WORK ORDER: All lines in the records below that hold "only" are to be shown.

(Collected data entries)

(* Let $A\subseteq\mathbb{N}$ have natural density $\rho(A)=\lim_{n\to\infty}\kappa_A(n)/n\in[0,1]$. Then $m(A)=\rho(A)\,\omega+o(\omega)$.
   Context: $\mathbb{N}=\{1,2,3,\dots\}$, $\mathbb{N}_0=\mathbb{N}\cup\{0\}$. $\mathbf{No}$ denotes Conway's ordered field of surreal numbers, $\omega=\{0,1,2,\dots\mid\ \}$ its first infinite element. An omnific integer is a surreal $x$ with $x=\{x-1\mid x+1\}$; $\mathbf{Nn}$ (surnatural numbers) is the class of nonnegative omnific integers, $\mathbb{N}_0\subset\mathbf{Nn}$. $o(\omega)$ denotes a surreal $w$ with $w/\omega$ infinitesimal. For $A\subseteq\mathbb{N}$, $\kappa_A(n)=|A\cap\{1,\dots,n\}|$. For $f,g:\mathbb{N}\to\mathbb{N}_0$, $f\overset{\to}{=}g$ means $f(n)=g(n)$ for all $n\ge N$ for some $N$; $f\overset{\to}{<}g$ means $f(n)<g(n)$ for all $n\ge N$ for some $N$. Axiom of Extension (standing assumption): every nondecreasing $f:\mathbb{N}\to\mathbb{N}_0$ has an extension $\hat f:\mathbf{Nn}\to\mathbf{Nn}$ with $\hat f(n)=f(n)$ for $n\in\mathbb{N}$ (constant sequences extend to the same constants, the identity extends to the identity), such that for nondecreasing $f,g$: $f\overset{\to}{=}g\Rightarrow\hat f(\nu)=\hat g(\nu)$ for all $\nu\in\mathbf{Nn}\setminus\mathbb{N}$; $f\overset{\to}{<}g\Rightarrow\hat f(\nu)<\hat g(\nu)$ for all $\nu\in\mathbf{Nn}\setminus\mathbb{N}$; and $\widehat{f+g}=\hat f+\hat g$, $\widehat{f\cdot g}=\hat f\cdot\hat g$, $\widehat{f\circ g}=\hat f\circ\hat g$ where defined. The magnum of $A\subseteq\mathbb{N}$ is $m(A):=\hat{\kappa_A}(\omega)$. *)

theory Defs
  imports Complex_Main
begin

text \<open>
  The class of surreal numbers No is a proper class and cannot be a HOL type.
  We therefore work with an abstract ordered field 'a containing the reals
  (via of_real, required to be order preserving), a set Nn of surnatural
  numbers, an element omega, and an extension operator ext.  All structural
  facts assumed below hold in Conway's No with Nn the nonnegative omnific
  integers, omega = {0,1,2,...|}, and the extension operator provided by the
  Axiom of Extension.
\<close>

definition kappa :: "nat set \<Rightarrow> nat \<Rightarrow> nat" where
  "kappa A n = card (A \<inter> {1..n})"

definition surnat_axioms :: "'a::{linordered_field,real_algebra_1} set \<Rightarrow> 'a \<Rightarrow> bool" where
  "surnat_axioms Nn \<omega> \<longleftrightarrow>
     (\<forall>r s::real. r < s \<longrightarrow> (of_real r :: 'a) < of_real s) \<and>
     (\<forall>n::nat. (of_nat n :: 'a) \<in> Nn) \<and>
     (\<forall>x\<in>Nn. 0 \<le> x) \<and>
     (\<forall>x\<in>Nn. \<forall>y\<in>Nn. x + y \<in> Nn \<and> x * y \<in> Nn) \<and>
     (\<forall>x\<in>Nn. \<forall>y\<in>Nn. x < y \<longrightarrow> x + 1 \<le> y) \<and>
     \<omega> \<in> Nn \<and> (\<forall>n::nat. of_nat n < \<omega>)"

definition ev_eq :: "(nat \<Rightarrow> nat) \<Rightarrow> (nat \<Rightarrow> nat) \<Rightarrow> bool" where
  "ev_eq f g \<longleftrightarrow> (\<exists>N. \<forall>n\<ge>N. f n = g n)"

definition ev_less :: "(nat \<Rightarrow> nat) \<Rightarrow> (nat \<Rightarrow> nat) \<Rightarrow> bool" where
  "ev_less f g \<longleftrightarrow> (\<exists>N. \<forall>n\<ge>N. f n < g n)"

definition nondecr :: "(nat \<Rightarrow> nat) \<Rightarrow> bool" where
  "nondecr f \<longleftrightarrow> mono_on {1..} f"

definition extension_axioms ::
  "'a::{linordered_field,real_algebra_1} set \<Rightarrow> ((nat \<Rightarrow> nat) \<Rightarrow> 'a \<Rightarrow> 'a) \<Rightarrow> bool" where
  "extension_axioms Nn ext \<longleftrightarrow>
     (\<forall>f. nondecr f \<longrightarrow>
        (\<forall>\<nu>\<in>Nn. ext f \<nu> \<in> Nn) \<and>
        (\<forall>n\<ge>1. ext f (of_nat n) = of_nat (f n))) \<and>
     (\<forall>c. \<forall>\<nu>\<in>Nn. ext (\<lambda>_. c) \<nu> = of_nat c) \<and>
     (\<forall>\<nu>\<in>Nn. ext id \<nu> = \<nu>) \<and>
     (\<forall>f g. nondecr f \<longrightarrow> nondecr g \<longrightarrow>
        (ev_eq f g \<longrightarrow> (\<forall>\<nu>\<in>Nn - range of_nat. ext f \<nu> = ext g \<nu>)) \<and>
        (ev_less f g \<longrightarrow> (\<forall>\<nu>\<in>Nn - range of_nat. ext f \<nu> < ext g \<nu>)) \<and>
        (\<forall>\<nu>\<in>Nn. ext (\<lambda>n. f n + g n) \<nu> = ext f \<nu> + ext g \<nu>) \<and>
        (\<forall>\<nu>\<in>Nn. ext (\<lambda>n. f n * g n) \<nu> = ext f \<nu> * ext g \<nu>) \<and>
        ((\<forall>n\<ge>1. g n \<ge> 1) \<longrightarrow> (\<forall>\<nu>\<in>Nn. ext (f \<circ> g) \<nu> = ext f (ext g \<nu>))))"

definition magnum :: "((nat \<Rightarrow> nat) \<Rightarrow> 'a \<Rightarrow> 'a) \<Rightarrow> 'a \<Rightarrow> nat set \<Rightarrow> 'a" where
  "magnum ext \<omega> A = ext (kappa A) \<omega>"

definition infinitesimal :: "'a::{linordered_field,real_algebra_1} \<Rightarrow> bool" where
  "infinitesimal x \<longleftrightarrow> (\<forall>r::real. r > 0 \<longrightarrow> \<bar>x\<bar> < of_real r)"

definition small_o :: "'a::{linordered_field,real_algebra_1} \<Rightarrow> 'a \<Rightarrow> bool" where
  "small_o \<omega> w \<longleftrightarrow> infinitesimal (w / \<omega>)"

end

theory Submission
  imports Defs
begin

text \<open>
  The extension operator only acts on \<nat>-valued sequences, so real multiples of \<omega> are
  approached through fractions p/q: if kappa_A(n)/n < p/q eventually, then
  q kappa_A(n) < p n eventually, and the Axiom of Extension (with additivity and
  multiplicativity) turns this into q m(A) < p \<omega>, i.e. m(A) < (p/q) \<omega>; symmetrically
  from below.  Squeezing fractions towards \<rho> gives |m(A) - \<rho> \<omega>| < r \<omega> for every
  real r > 0.  Nothing here uses special properties of kappa_A or \<omega>: the same holds
  for every nondecreasing f with f(n)/n \<longrightarrow> \<rho> and every infinite surnatural \<nu>.
\<close>

lemma nondecr_const: "nondecr (\<lambda>_. c)"
  by (simp add: nondecr_def mono_on_def)

lemma nondecr_id: "nondecr id"
  by (simp add: nondecr_def mono_on_def)

lemma nondecr_kappa: "nondecr (kappa A)"
  unfolding nondecr_def mono_on_def kappa_def by (auto intro!: card_mono)

lemma nondecr_scale: "nondecr f \<Longrightarrow> nondecr (\<lambda>n. c * f n)"
  unfolding nondecr_def mono_on_def by auto

lemma surnat_of_real_strict_mono:
  fixes Nn :: "'a::{linordered_field,real_algebra_1} set"
  assumes "surnat_axioms Nn \<omega>" and "r < s"
  shows "(of_real r :: 'a) < of_real s"
  using assms unfolding surnat_axioms_def by blast

lemma surnat_nonneg: "surnat_axioms Nn \<omega> \<Longrightarrow> x \<in> Nn \<Longrightarrow> 0 \<le> x"
  unfolding surnat_axioms_def by blast

lemma surnat_infinite_pos:
  assumes "surnat_axioms Nn \<omega>" and "\<nu> \<in> Nn - range of_nat"
  shows "0 < \<nu>"
proof -
  have "\<nu> \<noteq> of_nat 0" using assms(2) by blast
  then show ?thesis using surnat_nonneg[OF assms(1)] assms(2) by fastforce
qed

lemma ext_in_surnat: "extension_axioms Nn ext \<Longrightarrow> nondecr f \<Longrightarrow> \<nu> \<in> Nn \<Longrightarrow> ext f \<nu> \<in> Nn"
  unfolding extension_axioms_def by blast

lemma ext_scale:
  assumes "extension_axioms Nn ext" and "nondecr f" and "\<nu> \<in> Nn"
  shows "ext (\<lambda>n. c * f n) \<nu> = of_nat c * ext f \<nu>"
proof -
  have "ext (\<lambda>n. (\<lambda>_. c) n * f n) \<nu> = ext (\<lambda>_. c) \<nu> * ext f \<nu>"
    using assms nondecr_const[of c] unfolding extension_axioms_def by blast
  moreover have "ext (\<lambda>_. c) \<nu> = of_nat c"
    using assms unfolding extension_axioms_def by blast
  ultimately show ?thesis by simp
qed

lemma ext_linear:
  assumes ea: "extension_axioms Nn ext" and "\<nu> \<in> Nn"
  shows "ext (\<lambda>n. c * n) \<nu> = of_nat c * \<nu>"
proof -
  have "ext (\<lambda>n. c * id n) \<nu> = of_nat c * ext id \<nu>"
    by (rule ext_scale[OF ea nondecr_id assms(2)])
  moreover have "ext id \<nu> = \<nu>"
    using assms unfolding extension_axioms_def by blast
  ultimately show ?thesis by simp
qed

lemma ext_strict_mono_eventually:
  assumes "extension_axioms Nn ext" and "nondecr f" and "nondecr g"
    and "\<forall>\<^sub>F n in sequentially. f n < g n" and "\<nu> \<in> Nn - range of_nat"
  shows "ext f \<nu> < ext g \<nu>"
proof -
  have "ev_less f g"
    using assms(4) unfolding ev_less_def eventually_sequentially .
  then show ?thesis
    using assms unfolding extension_axioms_def by blast
qed

lemma fraction_less_fraction_iff:
  fixes a b c d :: nat
  assumes "b > 0" and "d > 0"
  shows "real a / real b < real c / real d \<longleftrightarrow> a * d < c * b"
proof -
  have "real a / real b < real c / real d \<longleftrightarrow> real (a * d) < real (c * b)"
    using assms by (simp add: divide_simps)
  then show ?thesis by linarith
qed

lemma ext_less_fraction_mult:
  assumes ea: "extension_axioms Nn ext" and f: "nondecr f" and \<nu>: "\<nu> \<in> Nn - range of_nat"
    and "q > 0" and "\<forall>\<^sub>F n in sequentially. real (f n) / real n < real p / real q"
  shows "of_nat q * ext f \<nu> < of_nat p * \<nu>"
proof -
  have "\<forall>\<^sub>F n in sequentially. q * f n < p * n"
    using assms(5) eventually_gt_at_top[of 0]
    by eventually_elim (use \<open>q > 0\<close> in \<open>simp add: fraction_less_fraction_iff mult.commute\<close>)
  then have "ext (\<lambda>n. q * f n) \<nu> < ext (\<lambda>n. p * n) \<nu>"
    by (intro ext_strict_mono_eventually[OF ea _ _ _ \<nu>] nondecr_scale f
        nondecr_id[unfolded id_def])
  with \<nu> show ?thesis by (simp add: ext_scale[OF ea f] ext_linear[OF ea])
qed

lemma fraction_mult_less_ext:
  assumes ea: "extension_axioms Nn ext" and f: "nondecr f" and \<nu>: "\<nu> \<in> Nn - range of_nat"
    and "q > 0" and "\<forall>\<^sub>F n in sequentially. real p / real q < real (f n) / real n"
  shows "of_nat p * \<nu> < of_nat q * ext f \<nu>"
proof -
  have "\<forall>\<^sub>F n in sequentially. p * n < q * f n"
    using assms(5) eventually_gt_at_top[of 0]
    by eventually_elim (use \<open>q > 0\<close> in \<open>simp add: fraction_less_fraction_iff mult.commute\<close>)
  then have "ext (\<lambda>n. p * n) \<nu> < ext (\<lambda>n. q * f n) \<nu>"
    by (intro ext_strict_mono_eventually[OF ea _ _ _ \<nu>] nondecr_scale f
        nondecr_id[unfolded id_def])
  with \<nu> show ?thesis by (simp add: ext_scale[OF ea f] ext_linear[OF ea])
qed

lemma fraction_between:
  fixes a b :: real
  assumes "0 \<le> a" and "a < b"
  obtains p q :: nat where "q > 0" and "a < real p / real q" and "real p / real q < b"
proof -
  obtain x where x: "x \<in> \<rat>" "a < x" "x < b"
    using Rats_dense_in_real[OF assms(2)] by blast
  obtain p q :: nat where "q \<noteq> 0" "\<bar>x\<bar> = real p / real q"
    using Rats_abs_nat_div_natE[OF x(1)] by metis
  with x assms(1) that show ?thesis by auto
qed

lemma of_nat_mult_of_real_fraction:
  assumes "q > 0"
  shows "of_nat q * of_real (real p / real q) = (of_nat p :: 'a::{field,real_algebra_1})"
proof -
  have "of_nat q * (of_real (real p / real q) :: 'a) = of_real (real q * (real p / real q))"
    by (simp only: of_real_mult of_real_of_nat_eq)
  also have "\<dots> = of_nat p" using assms by simp
  finally show ?thesis .
qed

lemma ext_less_of_real_mult:
  fixes \<nu> :: "'a::{linordered_field,real_algebra_1}"
  assumes sn: "surnat_axioms Nn \<omega>" and ea: "extension_axioms Nn ext" and f: "nondecr f"
    and \<nu>: "\<nu> \<in> Nn - range of_nat"
    and lim: "(\<lambda>n. real (f n) / real n) \<longlonglongrightarrow> \<rho>" and "\<rho> < x"
  shows "ext f \<nu> < of_real x * \<nu>"
proof -
  have \<nu>_pos: "0 < \<nu>" using surnat_infinite_pos[OF sn \<nu>] .
  have "0 \<le> \<rho>" by (rule LIMSEQ_le_const[OF lim]) auto
  then obtain p q :: nat where pq: "q > 0" "\<rho> < real p / real q" "real p / real q < x"
    using fraction_between \<open>\<rho> < x\<close> by blast
  define y where "y = real p / real q"
  have "of_nat q * ext f \<nu> < of_nat p * \<nu>"
    using ext_less_fraction_mult[OF ea f \<nu> pq(1)] order_tendstoD(2)[OF lim pq(2)] by blast
  also have "\<dots> = of_nat q * (of_real y * \<nu>)"
    unfolding y_def by (simp add: of_nat_mult_of_real_fraction[OF pq(1)] flip: mult.assoc)
  finally have "ext f \<nu> < of_real y * \<nu>"
    using pq(1) by (simp add: mult_less_cancel_left)
  also have "\<dots> < of_real x * \<nu>"
    using surnat_of_real_strict_mono[OF sn pq(3)] \<nu>_pos unfolding y_def by simp
  finally show ?thesis .
qed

SOLVED PROBLEM:
  The extension operator only acts on \<nat>-valued sequences, so real multiples of \<omega> are
    by (simp only: of_real_mult of_real_of_nat_eq)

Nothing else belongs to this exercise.